## ABOUT THIS TASK
Copy the lines exactly as they appear, starting with the first line of the records and ending with the line that contains "of_real t * (A1".

※

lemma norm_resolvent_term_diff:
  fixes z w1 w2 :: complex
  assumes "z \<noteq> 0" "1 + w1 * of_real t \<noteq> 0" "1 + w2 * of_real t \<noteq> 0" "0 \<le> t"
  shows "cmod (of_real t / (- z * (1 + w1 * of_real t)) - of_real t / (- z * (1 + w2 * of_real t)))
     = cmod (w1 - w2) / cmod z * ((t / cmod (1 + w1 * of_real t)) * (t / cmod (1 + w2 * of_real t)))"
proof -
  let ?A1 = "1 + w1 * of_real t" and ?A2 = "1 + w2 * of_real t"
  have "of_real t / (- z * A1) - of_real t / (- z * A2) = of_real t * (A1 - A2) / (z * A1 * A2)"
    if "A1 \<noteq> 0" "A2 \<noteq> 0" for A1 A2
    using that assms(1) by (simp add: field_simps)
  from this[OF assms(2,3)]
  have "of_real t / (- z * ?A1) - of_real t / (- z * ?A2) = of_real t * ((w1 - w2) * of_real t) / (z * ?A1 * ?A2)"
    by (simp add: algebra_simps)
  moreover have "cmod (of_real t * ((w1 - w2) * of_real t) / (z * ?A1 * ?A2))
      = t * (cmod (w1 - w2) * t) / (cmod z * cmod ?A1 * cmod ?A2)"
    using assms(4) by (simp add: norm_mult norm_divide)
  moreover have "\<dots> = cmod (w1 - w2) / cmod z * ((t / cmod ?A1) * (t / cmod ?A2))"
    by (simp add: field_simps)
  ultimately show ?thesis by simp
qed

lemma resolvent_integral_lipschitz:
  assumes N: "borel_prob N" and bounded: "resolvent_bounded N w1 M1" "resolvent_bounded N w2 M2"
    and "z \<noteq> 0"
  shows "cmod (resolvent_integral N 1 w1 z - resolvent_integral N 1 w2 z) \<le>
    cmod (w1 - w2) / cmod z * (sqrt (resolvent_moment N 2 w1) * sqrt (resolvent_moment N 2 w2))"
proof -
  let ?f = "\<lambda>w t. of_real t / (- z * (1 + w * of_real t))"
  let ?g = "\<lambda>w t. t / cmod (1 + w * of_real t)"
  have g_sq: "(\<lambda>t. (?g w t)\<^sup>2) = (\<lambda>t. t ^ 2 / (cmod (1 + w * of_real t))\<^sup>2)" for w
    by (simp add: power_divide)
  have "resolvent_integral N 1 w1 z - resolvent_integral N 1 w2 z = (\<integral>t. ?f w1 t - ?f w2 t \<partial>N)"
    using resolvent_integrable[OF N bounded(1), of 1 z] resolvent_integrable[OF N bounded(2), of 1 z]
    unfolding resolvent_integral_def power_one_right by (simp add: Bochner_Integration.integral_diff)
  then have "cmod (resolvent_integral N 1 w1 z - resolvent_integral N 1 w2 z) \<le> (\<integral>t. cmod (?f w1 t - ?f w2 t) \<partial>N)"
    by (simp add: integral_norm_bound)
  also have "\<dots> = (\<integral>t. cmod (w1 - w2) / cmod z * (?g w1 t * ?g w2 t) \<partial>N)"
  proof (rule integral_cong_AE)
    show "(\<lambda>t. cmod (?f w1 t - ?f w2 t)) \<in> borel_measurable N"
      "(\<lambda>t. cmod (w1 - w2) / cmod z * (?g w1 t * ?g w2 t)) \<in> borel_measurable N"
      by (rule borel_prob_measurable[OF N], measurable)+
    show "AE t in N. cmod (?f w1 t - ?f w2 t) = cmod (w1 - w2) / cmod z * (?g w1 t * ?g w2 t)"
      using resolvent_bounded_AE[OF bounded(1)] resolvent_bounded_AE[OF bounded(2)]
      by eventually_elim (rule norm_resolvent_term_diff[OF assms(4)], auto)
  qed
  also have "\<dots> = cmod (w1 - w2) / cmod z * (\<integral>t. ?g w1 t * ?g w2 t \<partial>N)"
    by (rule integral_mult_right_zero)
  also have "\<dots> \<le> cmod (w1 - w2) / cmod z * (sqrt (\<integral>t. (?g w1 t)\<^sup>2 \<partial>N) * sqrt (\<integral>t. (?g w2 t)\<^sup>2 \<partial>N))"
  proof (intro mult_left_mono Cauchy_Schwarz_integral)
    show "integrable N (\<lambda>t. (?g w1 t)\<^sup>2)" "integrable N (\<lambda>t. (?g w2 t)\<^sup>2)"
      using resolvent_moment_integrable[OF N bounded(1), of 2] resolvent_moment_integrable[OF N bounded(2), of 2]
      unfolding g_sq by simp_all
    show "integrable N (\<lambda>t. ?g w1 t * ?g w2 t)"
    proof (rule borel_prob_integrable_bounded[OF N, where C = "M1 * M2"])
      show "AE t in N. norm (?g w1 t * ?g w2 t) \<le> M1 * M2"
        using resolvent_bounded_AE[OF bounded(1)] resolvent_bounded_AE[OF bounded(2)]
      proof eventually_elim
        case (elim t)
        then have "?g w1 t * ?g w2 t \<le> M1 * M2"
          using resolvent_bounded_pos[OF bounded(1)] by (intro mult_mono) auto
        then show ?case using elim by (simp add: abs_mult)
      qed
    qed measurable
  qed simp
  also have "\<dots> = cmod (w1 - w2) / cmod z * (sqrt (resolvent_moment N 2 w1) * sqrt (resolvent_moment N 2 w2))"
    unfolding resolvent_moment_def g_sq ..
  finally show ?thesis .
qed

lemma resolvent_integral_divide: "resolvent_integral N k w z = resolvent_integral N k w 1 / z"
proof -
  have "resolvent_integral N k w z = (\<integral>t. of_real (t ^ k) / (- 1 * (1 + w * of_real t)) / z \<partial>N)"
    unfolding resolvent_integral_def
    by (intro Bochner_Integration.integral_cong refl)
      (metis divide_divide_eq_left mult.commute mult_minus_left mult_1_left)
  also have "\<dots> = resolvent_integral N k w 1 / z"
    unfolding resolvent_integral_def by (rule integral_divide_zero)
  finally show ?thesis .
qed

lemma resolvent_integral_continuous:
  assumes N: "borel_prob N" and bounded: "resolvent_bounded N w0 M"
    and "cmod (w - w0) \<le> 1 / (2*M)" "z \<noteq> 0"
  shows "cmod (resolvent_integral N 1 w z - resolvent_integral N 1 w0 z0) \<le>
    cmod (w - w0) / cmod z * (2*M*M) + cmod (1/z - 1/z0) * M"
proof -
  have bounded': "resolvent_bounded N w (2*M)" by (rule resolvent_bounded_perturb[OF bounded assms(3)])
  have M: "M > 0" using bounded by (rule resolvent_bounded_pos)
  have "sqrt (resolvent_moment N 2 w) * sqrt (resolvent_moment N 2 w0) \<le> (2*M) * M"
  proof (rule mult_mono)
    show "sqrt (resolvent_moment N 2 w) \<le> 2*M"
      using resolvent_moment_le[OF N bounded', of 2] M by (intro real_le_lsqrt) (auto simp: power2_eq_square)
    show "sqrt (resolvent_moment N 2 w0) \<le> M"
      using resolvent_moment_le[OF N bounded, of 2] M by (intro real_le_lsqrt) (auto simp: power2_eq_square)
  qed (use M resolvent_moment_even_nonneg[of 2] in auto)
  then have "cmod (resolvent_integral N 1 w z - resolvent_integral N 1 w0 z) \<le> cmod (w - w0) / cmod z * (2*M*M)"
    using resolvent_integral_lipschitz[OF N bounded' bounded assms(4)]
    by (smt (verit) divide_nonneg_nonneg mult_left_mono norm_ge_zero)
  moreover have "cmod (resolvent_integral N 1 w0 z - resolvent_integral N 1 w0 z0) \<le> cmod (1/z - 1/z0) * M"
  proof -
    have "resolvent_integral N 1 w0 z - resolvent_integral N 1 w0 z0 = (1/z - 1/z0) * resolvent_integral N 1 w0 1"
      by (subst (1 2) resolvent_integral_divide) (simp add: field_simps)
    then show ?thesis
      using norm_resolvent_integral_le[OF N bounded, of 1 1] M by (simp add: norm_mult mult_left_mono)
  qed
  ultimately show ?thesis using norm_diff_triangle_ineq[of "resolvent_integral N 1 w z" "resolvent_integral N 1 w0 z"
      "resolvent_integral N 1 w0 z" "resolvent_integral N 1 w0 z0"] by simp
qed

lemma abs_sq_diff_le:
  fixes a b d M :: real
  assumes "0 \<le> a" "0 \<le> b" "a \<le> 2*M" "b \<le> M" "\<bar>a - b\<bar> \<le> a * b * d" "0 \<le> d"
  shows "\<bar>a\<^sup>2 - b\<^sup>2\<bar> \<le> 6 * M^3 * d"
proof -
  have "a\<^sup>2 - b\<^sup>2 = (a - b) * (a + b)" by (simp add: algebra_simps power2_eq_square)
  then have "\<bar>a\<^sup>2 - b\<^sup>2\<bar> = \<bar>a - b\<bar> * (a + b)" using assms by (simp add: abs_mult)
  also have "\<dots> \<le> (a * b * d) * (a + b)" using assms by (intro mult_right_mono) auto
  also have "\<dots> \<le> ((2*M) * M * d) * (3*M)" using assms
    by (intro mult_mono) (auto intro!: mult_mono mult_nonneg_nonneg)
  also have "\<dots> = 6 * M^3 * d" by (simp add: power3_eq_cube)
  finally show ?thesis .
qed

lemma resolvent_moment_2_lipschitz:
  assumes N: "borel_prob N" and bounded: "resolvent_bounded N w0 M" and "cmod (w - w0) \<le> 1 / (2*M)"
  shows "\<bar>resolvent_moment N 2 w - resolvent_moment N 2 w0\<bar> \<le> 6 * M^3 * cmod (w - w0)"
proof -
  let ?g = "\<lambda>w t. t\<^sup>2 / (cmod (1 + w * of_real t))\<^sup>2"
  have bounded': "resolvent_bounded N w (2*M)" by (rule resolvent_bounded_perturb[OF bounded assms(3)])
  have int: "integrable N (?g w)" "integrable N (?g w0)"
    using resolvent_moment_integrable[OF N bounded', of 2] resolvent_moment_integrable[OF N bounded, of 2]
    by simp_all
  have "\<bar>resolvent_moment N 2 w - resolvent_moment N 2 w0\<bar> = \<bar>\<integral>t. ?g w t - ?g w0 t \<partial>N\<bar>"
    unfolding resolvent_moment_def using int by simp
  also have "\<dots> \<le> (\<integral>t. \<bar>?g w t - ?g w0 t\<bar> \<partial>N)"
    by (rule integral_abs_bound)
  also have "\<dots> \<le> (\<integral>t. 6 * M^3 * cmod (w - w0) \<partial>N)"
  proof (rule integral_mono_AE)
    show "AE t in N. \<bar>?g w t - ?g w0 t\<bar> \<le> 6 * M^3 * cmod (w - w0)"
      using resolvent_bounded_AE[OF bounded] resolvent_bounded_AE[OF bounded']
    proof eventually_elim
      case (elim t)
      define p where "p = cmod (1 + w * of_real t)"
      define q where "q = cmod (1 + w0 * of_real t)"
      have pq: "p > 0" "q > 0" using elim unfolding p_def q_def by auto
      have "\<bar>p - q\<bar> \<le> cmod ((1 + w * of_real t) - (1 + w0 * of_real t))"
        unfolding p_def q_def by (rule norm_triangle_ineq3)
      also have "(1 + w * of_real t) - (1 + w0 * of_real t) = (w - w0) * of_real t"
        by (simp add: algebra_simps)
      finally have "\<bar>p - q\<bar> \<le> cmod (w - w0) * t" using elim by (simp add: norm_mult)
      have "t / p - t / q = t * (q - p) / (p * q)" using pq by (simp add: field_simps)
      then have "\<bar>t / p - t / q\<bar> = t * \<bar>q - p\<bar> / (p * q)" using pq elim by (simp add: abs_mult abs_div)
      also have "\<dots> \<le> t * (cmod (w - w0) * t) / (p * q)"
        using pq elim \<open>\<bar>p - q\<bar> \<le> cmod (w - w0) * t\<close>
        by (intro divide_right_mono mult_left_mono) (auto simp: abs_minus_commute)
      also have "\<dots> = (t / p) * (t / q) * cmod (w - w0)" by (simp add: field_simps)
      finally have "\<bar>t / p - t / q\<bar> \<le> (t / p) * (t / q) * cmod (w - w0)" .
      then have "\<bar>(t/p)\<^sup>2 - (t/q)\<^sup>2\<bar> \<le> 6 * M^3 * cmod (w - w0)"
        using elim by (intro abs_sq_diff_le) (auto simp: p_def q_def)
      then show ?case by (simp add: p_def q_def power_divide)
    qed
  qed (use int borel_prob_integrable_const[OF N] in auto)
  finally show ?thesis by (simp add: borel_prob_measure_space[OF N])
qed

※

## ANSWER BOX
lemma norm_resolvent_term_diff:
  fixes z w1 w2 :: complex
  assumes "z \<noteq> 0" "1 + w1 * of_real t \<noteq> 0" "1 + w2 * of_real t \<noteq> 0" "0 \<le> t"
  shows "cmod (of_real t / (- z * (1 + w1 * of_real t)) - of_real t / (- z * (1 + w2 * of_real t)))
     = cmod (w1 - w2) / cmod z * ((t / cmod (1 + w1 * of_real t)) * (t / cmod (1 + w2 * of_real t)))"
proof -
  let ?A1 = "1 + w1 * of_real t" and ?A2 = "1 + w2 * of_real t"
  have "of_real t / (- z * A1) - of_real t / (- z * A2) = of_real t * (A1 - A2) / (z * A1 * A2)"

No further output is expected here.